Warum Helgoland als "Unikat" nicht geeignet ist
Auch die Insel Helgoland wird nicht zur Modellregion. Das Konzept, mit dem die Hochseeinsel im Kreis Pinneberg sich beworben hatte, sah vor, dass Besucher sich vor der Überfahrt auf dem Festland testen, dann aber nicht mehr verpflichten. Ausschlaggebend für die Nichtberücksichtigung, so Buchholz, sei die mangelnde Vergleichbarkeit gewesen. „Es ist ein Unikat“, so Buchholz. Auch die ambitionierte Bewerbung eines Skipper-Teams sei mangels Vergleichbarkeit zu anderen Anbietern abgelehnt worden.

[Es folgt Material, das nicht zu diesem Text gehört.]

lemma no_upper_suffix_top_within:
  assumes "is_run n D R" and mk: "m \<le> n - k"
    and "top_within n k (hd R) (hist n D R (take m (toppos (snd (last R))))) =
         hist n D R (take (n - k) (toppos (snd (last R))))"
    and "no_upper_suffix n D (n - k) R"
  shows "no_upper_suffix n D m R"
  using assms
proof (induction R rule: induct_list012)
  case 1 then show ?case by (simp add: is_run_def)
next
  case (2 c) then show ?case by simp
next
  case (3 c c' R)
  let ?l = "last (c' # R)"
  let ?y = "hist n D (c' # R) (take m (toppos (snd ?l)))"
  let ?a = "hist n D (c' # R) (take (n - k) (toppos (snd ?l)))"
  have su: "successor n D c c'" and ru: "is_run n D (c' # R)"
    using "3.prems"(1) by (simp_all add: is_run_Cons_Cons)
  have cf: "is_config n c'" using is_run_config[OF ru list.set_intros(1)] .
  have nu: "\<not> upper_at n D (n - k) (c # c' # R)" and nus: "no_upper_suffix n D (n - k) (c' # R)"
    using "3.prems"(4) by (simp_all add: no_upper_suffix_Cons_Cons)
  have ln: "length (toppos (snd ?l)) = n" using length_toppos_config[OF is_run_last_config[OF ru]] .
  have inv: "top_within n k c (hist_step n D c c' ?y) = hist_step n D c c' ?a"
    using "3.prems"(3) by simp
  have nt: "hist_step n D c c' ?y \<noteq> take m (toppos (snd c))"
  proof
    assume "hist_step n D c c' ?y = take m (toppos (snd c))"
    then have "hist_step n D c c' ?a = take (n - k) (toppos (snd c))"
      using inv top_within_take_toppos mk by metis
    then show False using nu by (simp add: upper_at_def)
  qed
  have "top_within n k c' ?y = ?a"
  proof (rule top_within_of_hist_step[OF su cf _ _ mk _ _ inv nt])
    show "substack (snd c') ?y \<noteq> None" using substack_hist[OF ru substack_take_toppos_defined] by simp
    show "length ?y = m" "length ?a = n - k" using ln mk by (simp_all add: hist_length)
    show "take m ?a = ?y" using mk by (simp add: hist_take min_def)
  qed
  then have "no_upper_suffix n D m (c' # R)" using "3.IH"(2)[OF ru mk _ nus] by simp
  moreover have "\<not> upper_at n D m (c # c' # R)" using nt by (simp add: upper_at_def)
  ultimately show ?case by (simp add: no_upper_suffix_Cons_Cons)
qed

section \<open>Decomposition of upper runs\<close>

lemma upper_at_one_step_iff:
  assumes dp: "is_dpda n D" and ru: "is_run n D [c, c']" and kn: "k \<le> n"
  shows "upper_at n D (n - k) [c, c'] \<longleftrightarrow>
    (\<exists>f. step_of D c = Read f) \<or> (\<exists>p r g. step_of D c = Op p (Push r g))
    \<or> (\<exists>p r. r \<le> k \<and> step_of D c = Op p (Pop r))"
proof -
  have su: "successor n D c c'" and cf': "is_config n c'" using ru by (simp_all add: is_run_Cons_Cons is_run_def)
  let ?A = "take (n - k) (toppos (snd c'))"
  have up: "upper_at n D (n - k) [c, c'] \<longleftrightarrow> hist_step n D c c' ?A = take (n - k) (toppos (snd c))"
    by (simp add: upper_at_def)
  show ?thesis
  proof
    assume "upper_at n D (n - k) [c, c']"
    moreover have "substack (snd c') ?A \<noteq> None" by (rule substack_take_toppos_defined)
    moreover have "length ?A = n - k" using length_toppos_config[OF cf'] by simp
    ultimately show "(\<exists>f. step_of D c = Read f) \<or> (\<exists>p r g. step_of D c = Op p (Push r g))
      \<or> (\<exists>p r. r \<le> k \<and> step_of D c = Op p (Pop r))"
      using upper_step_cases[OF dp su] up by metis
  next
    assume "(\<exists>f. step_of D c = Read f) \<or> (\<exists>p r g. step_of D c = Op p (Push r g))
      \<or> (\<exists>p r. r \<le> k \<and> step_of D c = Op p (Pop r))"
    then show "upper_at n D (n - k) [c, c']"
    proof (elim disjE exE conjE)
      fix f assume "step_of D c = Read f"
      then show ?thesis using su by (auto simp: successor_def hist_step_not_Push upper_at_def)
    next
      fix p r g assume st: "step_of D c = Op p (Push r g)"
      then have "push_at (n - r) g (snd c) = Some (snd c')" using su by (simp add: successor_def)
      then show ?thesis using hist_step_Push_take_toppos[OF st] by (simp add: upper_at_def)
    next
      fix p r assume "r \<le> k" and st: "step_of D c = Op p (Pop r)"
      moreover have "pop_at (n - r) (snd c) = Some (snd c')" using su st by (simp add: successor_def)
      ultimately show ?thesis by (simp add: upper_at_def hist_step_not_Push take_toppos_pop_at_low)
    qed
  qed
qed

Sämtliche Versuchs-Öffnungen werden wissenschaftlich begleitet. „Es ist uns ernst damit, sodass nur solche Projekte an den Start gehen können, die mit Partnern aus Hochschulen oder Kliniken zusammenarbeiten, die den Verlauf des Projekts genau verfolgen. Es ist schließlich niemandem geholfen, wenn das schiefgeht“, sagt Buchholz. Der Minister betonte zudem, dass nicht automatisch alle Betriebe in den Modellregionen öffnen dürften. Auch sie müssen zuvor in ihren Gesundheitsämtern detaillierte Konzepte präsentieren.